Currently Mariabackup aborts when it detects any InnoDB corruption. Needs an option to complete the backup and flag or log the corruption rather than leaving the entire server with no backup.

In situations where Mariabackup detects corruption while taking a backup, it currently aborts where InnoDB would assert, making backing up a corrupted server impossible.

This is obviously not practical when corruption in one table prevents making backups of the entire server.

Would it be possible to address this need by adding a force option like innodb_focre_recovery=1 to mariabackup, for instance?
-----------------
From Julien - Here is an additonal explanaition why this would be important to be done in 10.6 ralf.gebhardt@mariadb.com.

-------------------
From Vlad Lesin - Here is detailed description of the feature from commit message:

The new option --log-innodb-page-corruption is introduced.

When this option is set, backup is not interrupted if innodb corrupted
page is detected. Instead it logs all found corrupted pages in
innodb_corrupted_pages file in backup directory and finishes with error.

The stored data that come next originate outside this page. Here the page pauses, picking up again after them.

(* Let $n\geq 2$, $R_m,k>0$ and $0\leq\alpha\leq 1$. Let $\Omega\subset\mathbb{R}^n$ be a bounded Lipschitz domain of diameter at most $R_m$ whose complement $\mathbb{R}^n\setminus\Omega$ is connected. Then there exists a positive constant $C$, depending only on $k$, $R_m$ and $n$, such that for every $\varphi\in C^\alpha(\overline{\Omega})$ satisfying \[ \frac{\sup_{\partial\Omega}|\varphi|}{\|\varphi\|_{C^\alpha(\overline\Omega)}}\geq C\,\big(\operatorname{diam}(\Omega)\big)^\alpha, \] the source $\chi_\Omega\varphi$ radiates a non-zero far-field pattern at wavenumber $k$.
   Context: Source scattering: for a bounded domain $\Omega\subset\mathbb{R}^n$, a function $\varphi$ on $\overline\Omega$ and a wavenumber $k>0$, let $f=\chi_\Omega\varphi$ and let $u\in H^2_{loc}(\mathbb{R}^n)$ be the unique solution of $(\Delta+k^2)u=f$ in $\mathbb{R}^n$ satisfying the Sommerfeld radiation condition $\lim_{r\to\infty}r^{(n-1)/2}(\partial_r-ik)u=0$, $r=|x|$. Its far-field pattern is $u_\infty(\hat x)=C_{n,k}\int_{\mathbb{R}^n}e^{-ik\hat x\cdot y}f(y)\,dy$, $\hat x\in\mathbb{S}^{n-1}$, where $C_{n,k}=\frac{-i}{\sqrt{8\pi}}\big(\frac{k}{2\pi}\big)^{(n-2)/2}e^{-(n-1)\pi i/4}$; equivalently $u(x)=\frac{e^{ik|x|}}{|x|^{(n-1)/2}}u_\infty(x/|x|)+$ lower order terms as $|x|\to\infty$. The source "radiates a non-zero far-field pattern" if $u_\infty\not\equiv0$, and is "radiationless" if $u_\infty\equiv 0$. $\|\cdot\|_{C^\alpha}$ is the standard Hölder norm. Standing assumption: all bounded domains $\Omega$ considered satisfy $H^2_0(\Omega)=\{u|_\Omega: u\in H^2(\mathbb{R}^n),\ u=0 \text{ in } \mathbb{R}^n\setminus\overline\Omega\}$. *)

theory Defs
  imports "HOL-Analysis.Analysis"
begin

definition lipschitz_domain :: "(real^'n) set \<Rightarrow> bool" where
  "lipschitz_domain \<Omega> \<longleftrightarrow>
     open \<Omega> \<and> bounded \<Omega> \<and> connected \<Omega> \<and> \<Omega> \<noteq> {} \<and>
     (\<forall>p\<in>frontier \<Omega>. \<exists>r>0. \<exists>e::real^'n. norm e = 1 \<and>
        (\<exists>g::real^'n \<Rightarrow> real. (\<exists>L. L-lipschitz_on {y. y \<bullet> e = 0} g) \<and>
           \<Omega> \<inter> ball p r = {x \<in> ball p r. x \<bullet> e < g (x - (x \<bullet> e) *\<^sub>R e)}))"

definition holder_space :: "real \<Rightarrow> (real^'n) set \<Rightarrow> (real^'n \<Rightarrow> complex) \<Rightarrow> bool" where
  "holder_space \<alpha> S \<phi> \<longleftrightarrow> continuous_on S \<phi> \<and> bdd_above ((\<lambda>x. norm (\<phi> x)) ` S) \<and>
     bdd_above {norm (\<phi> x - \<phi> y) / dist x y powr \<alpha> | x y. x \<in> S \<and> y \<in> S \<and> x \<noteq> y}"

definition holder_norm :: "real \<Rightarrow> (real^'n) set \<Rightarrow> (real^'n \<Rightarrow> complex) \<Rightarrow> real" where
  "holder_norm \<alpha> S \<phi> = (SUP x\<in>S. norm (\<phi> x)) +
     (if \<alpha> = 0 then 0
      else Sup {norm (\<phi> x - \<phi> y) / dist x y powr \<alpha> | x y. x \<in> S \<and> y \<in> S \<and> x \<noteq> y})"

definition far_field_const :: "nat \<Rightarrow> real \<Rightarrow> complex" where
  "far_field_const n k = (- \<i> / complex_of_real (sqrt (8 * pi))) *
      complex_of_real ((k / (2 * pi)) powr ((real n - 2) / 2)) *
      exp (- (complex_of_real ((real n - 1) * pi / 4)) * \<i>)"

definition far_field :: "real \<Rightarrow> (real^'n) set \<Rightarrow> (real^'n \<Rightarrow> complex) \<Rightarrow> real^'n \<Rightarrow> complex" where
  "far_field k \<Omega> \<phi> xh = far_field_const CARD('n) k *
      integral UNIV (\<lambda>y. exp (- \<i> * complex_of_real (k * (xh \<bullet> y))) * (indicator \<Omega> y * \<phi> y))"

definition radiates_nonzero :: "real \<Rightarrow> (real^'n) set \<Rightarrow> (real^'n \<Rightarrow> complex) \<Rightarrow> bool" where
  "radiates_nonzero k \<Omega> \<phi> \<longleftrightarrow> (\<exists>xh::real^'n. norm xh = 1 \<and> far_field k \<Omega> \<phi> xh \<noteq> 0)"
lemma wS_ge_Min_power:
  assumes "finite E" "S \<subseteq> E" "\<forall>e\<in>E. 0 \<le> x e \<and> x e \<le> 1"
  shows "Min (x ` E) ^ card E \<le> wS x S"
proof (cases "E = {}")
  case True
  then show ?thesis using assms(2) by (simp add: wS_def)
next
  case False
  then obtain e where "e \<in> E" by blast
  then have "Min (x ` E) \<le> x e" using assms(1) by (intro Min_le) auto
  moreover have "x e \<le> 1" using \<open>e \<in> E\<close> assms(3) by blast
  moreover have "0 \<le> Min (x ` E)" using False assms(1,3) by simp
  ultimately have xm: "0 \<le> Min (x ` E)" "Min (x ` E) \<le> 1" by linarith+
  have "Min (x ` E) ^ card E \<le> Min (x ` E) ^ card S"
    by (rule power_decreasing) (use xm card_mono[OF assms(1,2)] in auto)
  also have "\<dots> \<le> wS x S" unfolding wS_def
    using prod_mono[of S "\<lambda>_. Min (x ` E)" x] xm assms by (auto intro: Min_le)
  finally show ?thesis .
qed

lemma Z_worm_le_xi:
  assumes E: "simple_edges N E" and N: "finite N" and r: "r \<in> N"
    and conn: "\<forall>c\<in>N. (r, c) \<in> (edge_rel E)\<^sup>*"
    and x: "\<forall>e\<in>E. 0 \<le> x e \<and> x e \<le> 1"
    and S: "S \<in> Omega_worm N E"
  shows "Z_worm N E x \<le> xi N E S * 2 ^ Suc (card E)"
proof -
  have fE: "finite E" using finite_edges[OF E N] .
  define m c0 c2 where "m = real (card N)"
    and "c0 = real (card (Omega N E 0))" and "c2 = real (card (Omega N E 2))"
  have m: "1 \<le> m" using card_gt_0_iff[of N] r N by (auto simp: m_def)
  have c0c2: "c0 + c2 \<le> 2 ^ card E"
    using card_Omega_0_add_card_Omega_2[OF fE, of N] unfolding c0_def c2_def
    by (metis of_nat_add of_nat_le_iff of_nat_numeral of_nat_power)
  have mc0: "m * c0 \<le> c0 + c2"
  proof -
    have "card N * card (Omega N E 0) \<le> card (Omega N E 0) + card (Omega N E 2)"
      using card_Omega_0_le_card_Omega_2[OF E N r conn] r N
      by (simp add: diff_mult_distrib card_gt_0_iff)
    then show ?thesis unfolding m_def c0_def c2_def by (metis of_nat_add of_nat_le_iff of_nat_mult)
  qed
  have Zk_le: "Zk N E x 0 \<le> c0" "Zk N E x 2 \<le> c2"
    using Zk_bounds[OF x] unfolding c0_def c2_def by blast+
  have "m * Zk N E x 0 \<le> m * c0" using Zk_le(1) m by (intro mult_left_mono) auto
  moreover have "Z_worm N E x = m * Zk N E x 0 + 2 * Zk N E x 2" by (simp add: Z_worm_def m_def)
  ultimately have "Z_worm N E x \<le> m * c0 + 2 * c2" using Zk_le(2) by linarith
  moreover have "m * c0 + 2 * c2 \<le> xi N E S * 2 ^ Suc (card E)"
  proof (cases "S \<in> Omega N E 0")
    case True
    have "0 \<le> m * c0" "c2 \<le> m * c2"
      using m mult_right_mono[OF m, of c2] by (simp_all add: c0_def c2_def)
    then have "m * c0 + 2 * c2 \<le> 2 * m * (c0 + c2)" by (simp add: algebra_simps)
    also have "\<dots> \<le> 2 * m * 2 ^ card E" using c0c2 m by simp
    finally show ?thesis using True by (simp add: xi_def m_def)
  next
    case False
    then have "xi N E S = 2" using S by (simp add: xi_def Omega_worm_def)
    then show ?thesis using c0c2 mc0 by (simp add: c0_def c2_def)
  qed
  ultimately show ?thesis by linarith
qed

lemma pi_worm_lower_bound:
  assumes E: "simple_edges N E" and N: "finite N" and r: "r \<in> N"
    and conn: "\<forall>c\<in>N. (r, c) \<in> (edge_rel E)\<^sup>*"
    and x: "\<forall>e\<in>E. 0 \<le> x e \<and> x e \<le> 1"
    and S: "S \<in> Omega_worm N E"
  shows "1/2 * (Min (x ` E) / 2) ^ card E \<le> pi_worm N E x S"
proof -
  have fE: "finite E" using finite_edges[OF E N] .
  have SE: "S \<subseteq> E" using S by (auto simp: Omega_worm_def Omega_iff)
  have xi: "0 < xi N E S" using S r N by (auto simp: xi_def Omega_worm_def card_gt_0_iff)
  have Z: "0 < Z_worm N E x" using Z_worm_pos[OF N _ fE x] r by blast
  have "1/2 * (Min (x ` E) / 2) ^ card E = Min (x ` E) ^ card E / 2 ^ Suc (card E)"
    by (simp add: power_divide)
  also have "\<dots> \<le> wS x S / 2 ^ Suc (card E)"
    using wS_ge_Min_power[OF fE SE x] by (simp add: divide_right_mono)
  also have "\<dots> = xi N E S * wS x S / (xi N E S * 2 ^ Suc (card E))"
    using xi by simp
  also have "\<dots> \<le> xi N E S * wS x S / Z_worm N E x"
    using Z_worm_le_xi[OF E N r conn x S] Z xi wS_bounds[OF x SE]
    by (intro divide_left_mono) auto
  finally show ?thesis by (simp add: pi_worm_def)
qed

lemma simple_edges_circuit_edges: "simple_edges (circuits V nbr) (circuit_edges V nbr)"
  unfolding simple_edges_def circuit_edges_def by blast

lemma fstar_nonzero: "fstar \<beta> a b c d \<noteq> 0 \<Longrightarrow> a \<noteq> d \<and> b \<noteq> c"
  unfolding fstar_def by (cases a; cases b; cases c; cases d) auto

lemma valid_orient_partner:
  assumes "valid_orient V nbr \<beta> \<sigma>" "k \<in> half_edges V"
  shows "\<sigma> (partner k) \<noteq> \<sigma> k"
proof -
  obtain v i where k: "k = (v, i)" "v \<in> V" "i < 4" using assms(2) by (auto simp: half_edges_def)
  have "vweight \<beta> \<sigma> v \<noteq> 0" using assms(1) k(2) by (simp add: valid_orient_def)
  then have "\<sigma> (v, 0) \<noteq> \<sigma> (v, 3)" "\<sigma> (v, 1) \<noteq> \<sigma> (v, 2)"
    using fstar_nonzero unfolding vweight_def by blast+
  moreover have "i = 0 \<or> i = 1 \<or> i = 2 \<or> i = 3" using k(3) by arith
  ultimately show ?thesis using k(1) by (auto simp: partner_def)
qed

lemma edge_x_bounds:
  assumes "1 \<le> \<beta>" "disagree_cnt V nbr \<beta> h e \<le> agree_cnt V nbr \<beta> h e"
  shows "0 \<le> edge_x V nbr \<beta> h e \<and> edge_x V nbr \<beta> h e \<le> 1"
proof -
  define b where "b = \<beta> powr (real (agree_cnt V nbr \<beta> h e) - real (disagree_cnt V nbr \<beta> h e))"
  have "1 \<le> b" unfolding b_def by (rule ge_one_powr_ge_zero) (use assms in auto)
  then show ?thesis by (simp add: edge_x_def b_def[symmetric] Let_def)
qed

locale labelled_graph =
  fixes V :: "'v set" and nbr :: "'v \<Rightarrow> nat \<Rightarrow> 'v"
  assumes graph: "labelled_4reg_graph V nbr"
begin

definition circuit_of :: "'v \<times> nat \<Rightarrow> ('v \<times> nat) set" where
  "circuit_of k = (circ_rel V nbr \<union> (circ_rel V nbr)\<inverse>)\<^sup>* `` {k}"
lemma nn_integral_dirichlet_majorant:
  assumes "N > 0"
  shows "(\<integral>\<^sup>+u. ennreal (dirichlet_majorant N u) * indicator {-4*pi..4*pi} u \<partial>lborel)
     \<le> ennreal (window_bound N)"
proof -
  define c where "c = pi / real N"
  have c: "0 < c" "c \<le> pi" using assms by (auto simp: c_def field_simps)
  have ln_ratio: "ln (4*pi) - ln c = ln (4 * real N)"
    using assms c by (simp add: c_def ln_div ln_mult)
  have "ennreal (dirichlet_majorant N u) * indicator {-4*pi..4*pi} u \<le>
      indicator {-c..c} u + ennreal (c / u) * indicator {c..4*pi} u
      + ennreal (c / (- u)) * indicator {-4*pi..-c} u" for u
    by (cases "\<bar>u\<bar> \<le> c"; cases "u > 0")
       (auto simp: dirichlet_majorant_def c_def split: split_indicator)
  then have "(\<integral>\<^sup>+u. ennreal (dirichlet_majorant N u) * indicator {-4*pi..4*pi} u \<partial>lborel)
     \<le> (\<integral>\<^sup>+u. indicator {-c..c} u + ennreal (c / u) * indicator {c..4*pi} u
      + ennreal (c / (- u)) * indicator {-4*pi..-c} u \<partial>lborel)"
    by (intro nn_integral_mono)
  also have "\<dots> = (\<integral>\<^sup>+u. indicator {-c..c} u \<partial>lborel)
      + (\<integral>\<^sup>+u. ennreal (c / u) * indicator {c..4*pi} u \<partial>lborel)
      + (\<integral>\<^sup>+u. ennreal (c / (- u)) * indicator {-4*pi..-c} u \<partial>lborel)"
    by (subst nn_integral_add, simp, simp)+ (rule refl)
  also have "(\<integral>\<^sup>+u. indicator {-c..c} u \<partial>lborel) = ennreal (2*c)"
    using c by simp
  also have "(\<integral>\<^sup>+u. ennreal (c / u) * indicator {c..4*pi} u \<partial>lborel) = ennreal (c * ln (4*pi) - c * ln c)"
    using c by (intro nn_integral_FTC_Icc[where F="\<lambda>u. c * ln u"])
       (auto intro!: derivative_eq_intros simp: field_simps)
  also have "\<dots> = ennreal (c * ln (4 * real N))"
    using ln_ratio by (simp add: right_diff_distrib[symmetric])
  also have "(\<integral>\<^sup>+u. ennreal (c / (- u)) * indicator {-4*pi..-c} u \<partial>lborel)
      = ennreal ((\<lambda>u. - c * ln (- u)) (-c) - (\<lambda>u. - c * ln (- u)) (-4*pi))"
    using c by (intro nn_integral_FTC_Icc[where F="\<lambda>u. - c * ln (- u)" and f="\<lambda>u. c / (- u)"])
       (auto intro!: derivative_eq_intros simp: field_simps)
  also have "(\<lambda>u. - c * ln (- u)) (-c) - (\<lambda>u. - c * ln (- u)) (-4*pi) = c * ln (4 * real N)"
    using ln_ratio by (simp add: algebra_simps)
  also have "ennreal (2*c) + ennreal (c * ln (4 * real N)) + ennreal (c * ln (4 * real N)) = ennreal (window_bound N)"
    using c assms by (simp add: c_def window_bound_def flip: ennreal_plus)
       (simp add: add_divide_distrib algebra_simps)
  finally show ?thesis .
qed
text \<open>
  Convolving with a filter is adjoint to convolving with the flipped filter, so
  \<langle>N, H * g\<rangle> = \<langle>N * d~, d * g\<rangle>, and \<langle>N, sym_grad u\<rangle> = \<langle>N * d~, u\<rangle> for symmetric N.
  Pixelwise, Cauchy-Schwarz and Hoelder's inequality for Schatten norms (for symmetric 2x2 matrices:
  Hoelder's inequality for the eigenvalues) show that the primal objective F u is the maximum of the
  Lagrangian \<langle>y, d * g - u\<rangle> + \<langle>S, sym_grad u\<rangle> over dual variables with |y| \<le> af and
  |S|_S(q) \<le> as; taking y = N * d~ and S = N gives weak duality.

  F is continuous and coercive, so it has a minimiser u0. Strong duality is a theorem of the
  alternative on the compact convex set of dual variables: either some (y, S) with y = S * d~ has
  \<langle>y, d * g\<rangle> \<ge> F u0, and then N = S is a maximiser, or the point nearest to (0, F u0) in the image of
  (y, S) \<mapsto> (S * d~ - y, \<langle>y, d * g\<rangle>) yields a u with F u < F u0.
\<close>

section \<open>lp norms on R^2 and Hoelder's inequality\<close>

definition lp_norm2 :: "ereal \<Rightarrow> real \<Rightarrow> real \<Rightarrow> real" where
  "lp_norm2 P x y = (if P = \<infinity> then max \<bar>x\<bar> \<bar>y\<bar>
     else (\<bar>x\<bar> powr real_of_ereal P + \<bar>y\<bar> powr real_of_ereal P) powr (1 / real_of_ereal P))"
lemma rep_phi: "t \<in> carrier G \<Longrightarrow> rep (t <# H) \<otimes> phi G H rep t = t"
  unfolding phi_def using rep_G[OF in_lcosets] by (simp add: m_assoc[symmetric])

lemma phi_mult: "t \<in> carrier G \<Longrightarrow> h \<in> H \<Longrightarrow> phi G H rep (t \<otimes> h) = phi G H rep t \<otimes> h"
  unfolding phi_def using coset_mult_H rep_G[OF in_lcosets] H_carrier by (simp add: m_assoc)

lemma phi_rep: "x \<in> lcosets H \<Longrightarrow> k \<in> H \<Longrightarrow> phi G H rep (rep x \<otimes> k) = k"
  unfolding phi_def using coset_rep_mult rep_G H_carrier by (simp add: m_assoc[symmetric])

text \<open>Coordinates of G relative to a base point r: the map
  g \<mapsto> ((g\<inverse> r)H, \<phi>(g\<inverse> r)\<inverse>) is a bijection G \<rightarrow> G/H \<times> H with inverse
  (y, k) \<mapsto> r k (rep y)\<inverse>.  With r the representative of a row coset x, these
  coordinates say in which column y and at which H-component k the element
  X(g) of ind \<rtimes> G contributes to the matrix alpha X.\<close>
definition coset_coords :: "'g \<Rightarrow> 'g \<Rightarrow> 'g set \<times> 'g" where
  "coset_coords r g = ((inv g \<otimes> r) <# H, inv (phi G H rep (inv g \<otimes> r)))"

definition coords_elem :: "'g \<Rightarrow> 'g set \<times> 'g \<Rightarrow> 'g" where
  "coords_elem r = (\<lambda>(y, k). r \<otimes> k \<otimes> inv (rep y))"

lemma coords_elem_carrier:
  "r \<in> carrier G \<Longrightarrow> y \<in> lcosets H \<Longrightarrow> k \<in> H \<Longrightarrow> coords_elem r (y, k) \<in> carrier G"
  unfolding coords_elem_def using rep_G H_carrier by simp

lemma coset_coords_carrier:
  "r \<in> carrier G \<Longrightarrow> g \<in> carrier G \<Longrightarrow> coset_coords r g \<in> (lcosets H) \<times> H"
  unfolding coset_coords_def using in_lcosets phi_H H_inv by simp

lemma coset_coords_elem:
  assumes r: "r \<in> carrier G" and y: "y \<in> lcosets H" and k: "k \<in> H"
  shows "coset_coords r (coords_elem r (y, k)) = (y, k)"
proof -
  have "inv (r \<otimes> k \<otimes> inv (rep y)) \<otimes> r = rep y \<otimes> inv k"
    using r rep_G[OF y] H_carrier[OF k] by (simp add: m_assoc inv_mult_group)
  then show ?thesis
    using coset_rep_mult[OF y H_inv[OF k]] phi_rep[OF y H_inv[OF k]] H_carrier[OF k]
    by (simp add: coset_coords_def coords_elem_def)
qed
lemma ln_add_one_le_cubic:
  fixes x :: real
  assumes "x \<ge> 0"
  shows "ln (1 + x) \<le> x - x^2/2 + x^3/3"
proof -
  let ?g = "\<lambda>y::real. y - y^2/2 + y^3/3 - ln (1 + y)"
  have "?g 0 \<le> ?g x"
  proof (rule deriv_nonneg_imp_mono[where g = ?g and g' = "\<lambda>y. y^3 / (1 + y)"])
    fix y :: real assume "y \<in> {0..x}"
    then have "y \<ge> 0" by simp
    then show "(?g has_real_derivative y^3 / (1 + y)) (at y)"
      by (auto intro!: derivative_eq_intros simp: field_simps power2_eq_square power3_eq_cube)
    show "y^3 / (1 + y) \<ge> 0" using \<open>y \<ge> 0\<close> by simp
  qed (use assms in auto)
  then show ?thesis by simp
qed

(* Summed over the urns, the rate x - x^2 s/2 becomes 1 - alpha_2 s/2, so the factor exp(-t)
   leaves exponential decay at rate alpha_2 s/2 beyond s. *)
lemma one_plus_mult_le_shifted:
  fixes x s t :: real
  assumes x: "0 \<le> x" "x * s \<le> 1" and s: "0 \<le> s" "s \<le> t"
  shows "1 + x * t \<le> (1 + x * s) * exp ((x - x^2 * s / 2) * (t - s))"
proof -
  have pos: "1 + x * s > 0" using x s by (simp add: add_pos_nonneg)
  have "1 / (1 + x * s) \<le> 1 - x * s / 2"
  proof -
    have "0 \<le> (x * s) * (1 - x * s)" using x s by simp
    then have "1 \<le> (1 - x * s / 2) * (1 + x * s)" by (simp add: algebra_simps power2_eq_square)
    then show ?thesis using pos by (simp add: divide_le_eq)
  qed
  then have "x * (t - s) * (1 / (1 + x * s)) \<le> x * (t - s) * (1 - x * s / 2)"
    using x s by (intro mult_left_mono) auto
  then have slope: "x * (t - s) / (1 + x * s) \<le> (x - x^2 * s / 2) * (t - s)"
    by (simp add: field_simps power2_eq_square)
  have "1 + x * t = (1 + x * s) * (1 + x * (t - s) / (1 + x * s))"
    using pos by (simp add: field_simps)
  also have "\<dots> \<le> (1 + x * s) * exp (x * (t - s) / (1 + x * s))"
    using pos by (intro mult_left_mono exp_ge_add_one_self) auto
  also have "\<dots> \<le> (1 + x * s) * exp ((x - x^2 * s / 2) * (t - s))"
    using pos slope by (intro mult_left_mono) auto
  finally show ?thesis .
qed
lemma rep_mul_sum_squares:
  assumes d: "d \<in> rep a b" and s: "s \<in> a \<cdot> a \<oplus> b \<cdot> b"
  shows "d \<cdot> s = d"
proof -
  have "d \<cdot> d \<cdot> s \<in> d \<cdot> d \<cdot> a \<cdot> (d \<cdot> d \<cdot> a) \<oplus> d \<cdot> d \<cdot> b \<cdot> (d \<cdot> d \<cdot> b)"
    using mul_add[OF s, of "d \<cdot> d"] by (simp add: mul_ac)
  then have "d \<cdot> (d \<cdot> d \<cdot> s) = d"
    using d sum_mul_sum_squares unfolding rep_def by blast
  then show ?thesis
    by (simp add: mul_ac)
qed

lemma Dt_rep_iff:
  "d \<in> Dt mul (neg one) rep a b \<longleftrightarrow>
     d \<in> rep a b \<and> a \<cdot> a \<cdot> d \<in> a \<oplus> a \<cdot> a \<cdot> b \<and> b \<cdot> b \<cdot> d \<in> b \<cdot> b \<cdot> a \<oplus> b"
proof -
  have "neg one \<cdot> a \<in> rep (neg one \<cdot> d) b \<longleftrightarrow> a \<cdot> a \<cdot> d \<in> a \<oplus> a \<cdot> a \<cdot> b"
    using neg_mem_neg_add_iff[of a "a \<cdot> a \<cdot> d" "a \<cdot> a \<cdot> b"]
    by (simp add: rep_def neg_mul_left neg_mul_right)
  moreover have "neg one \<cdot> b \<in> rep a (neg one \<cdot> d) \<longleftrightarrow> b \<cdot> b \<cdot> d \<in> b \<cdot> b \<cdot> a \<oplus> b"
    using neg_mem_neg_add_iff[of b "b \<cdot> b \<cdot> d" "b \<cdot> b \<cdot> a"]
    by (simp add: rep_def neg_mul_left neg_mul_right add_commute)
  ultimately show ?thesis
    unfolding Dt_def by blast
qed

lemma mem_add_if_Dt_conditions:
  assumes d: "d \<in> rep a b" and x: "a \<cdot> a \<cdot> d \<in> a \<oplus> a \<cdot> a \<cdot> b"
    and y: "b \<cdot> b \<cdot> d \<in> b \<cdot> b \<cdot> a \<oplus> b"
  shows "d \<in> a \<oplus> b"
proof -
  obtain s where s: "s \<in> a \<cdot> a \<oplus> b \<cdot> b"
    using add_nonempty by blast
  have "d \<cdot> s \<in> a \<cdot> a \<cdot> d \<oplus> b \<cdot> b \<cdot> d"
    using mul_add[OF s, of d] by (simp add: mul_commute)
  then obtain v where v: "v \<in> a \<cdot> a \<cdot> b \<oplus> b \<cdot> b \<cdot> d" and dsv: "d \<cdot> s \<in> a \<oplus> v"
    using add_assoc_right[OF _ x] by blast
  have "b \<cdot> b \<cdot> d \<in> b \<oplus> b \<cdot> b \<cdot> a"
    using y add_commute by blast
  then obtain u where "u \<in> a \<cdot> a \<cdot> b \<oplus> b" and "v \<in> u \<oplus> b \<cdot> b \<cdot> a"
    using add_assoc_left[OF v] by blast
  moreover have "w = b" if "w \<in> a \<cdot> a \<cdot> b \<oplus> b" for w
    using that add_mul_square_eq[of w b a] by (simp add: add_commute mul_ac)
  ultimately have "v \<in> b \<cdot> b \<cdot> a \<oplus> b"
    using add_commute by blast
  then obtain u' where u': "u' \<in> a \<oplus> b \<cdot> b \<cdot> a" and "d \<cdot> s \<in> u' \<oplus> b"
    using add_assoc_left[OF dsv] by blast
  moreover have "u' = a"
    using u' add_mul_square_eq[of u' a b] by (simp add: mul_ac)
  ultimately show ?thesis
    using rep_mul_sum_squares[OF d s] by simp
qed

For incremental backup corrupted pages are also copied to .delta file,
because we can't do LSN check for such pages during backup,
innodb_corrupted_pages will also be created in incremental backup
directory.

During --prepare, corrupted pages list is read from the file just after
redo log is applied, and each page from the list is checked if it is allocated
in it's tablespace or not. If it is not allocated, then it is zeroed out,
flushed to the tablespace and removed from the list. If all pages are removed
from the list, then --prepare is finished successfully and
innodb_corrupted_pages file is removed from backup directory. Otherwise
--prepare is finished with error message and innodb_corrupted_pages contains
the list of the pages, which are detected as corrupted during backup, and are
allocated in their tablespaces, what means backup directory contains corrupted
innodb pages, and backup can not be considered as consistent.

For incremental --prepare corrupted pages from .delta files are applied
to the base backup, innodb_corrupted_pages is read from both base in
incremental directories, and the same action is proceded for corrupted
pages list as for full --prepare. innodb_corrupted_pages file is
modified or removed only in base directory.

If DDL happens during backup, it is also processed at the end of backup
to have correct tablespace names in innodb_corrupted_pages.



 Comments   
Comment by Vladislav Lesin [ 2020-08-20 ]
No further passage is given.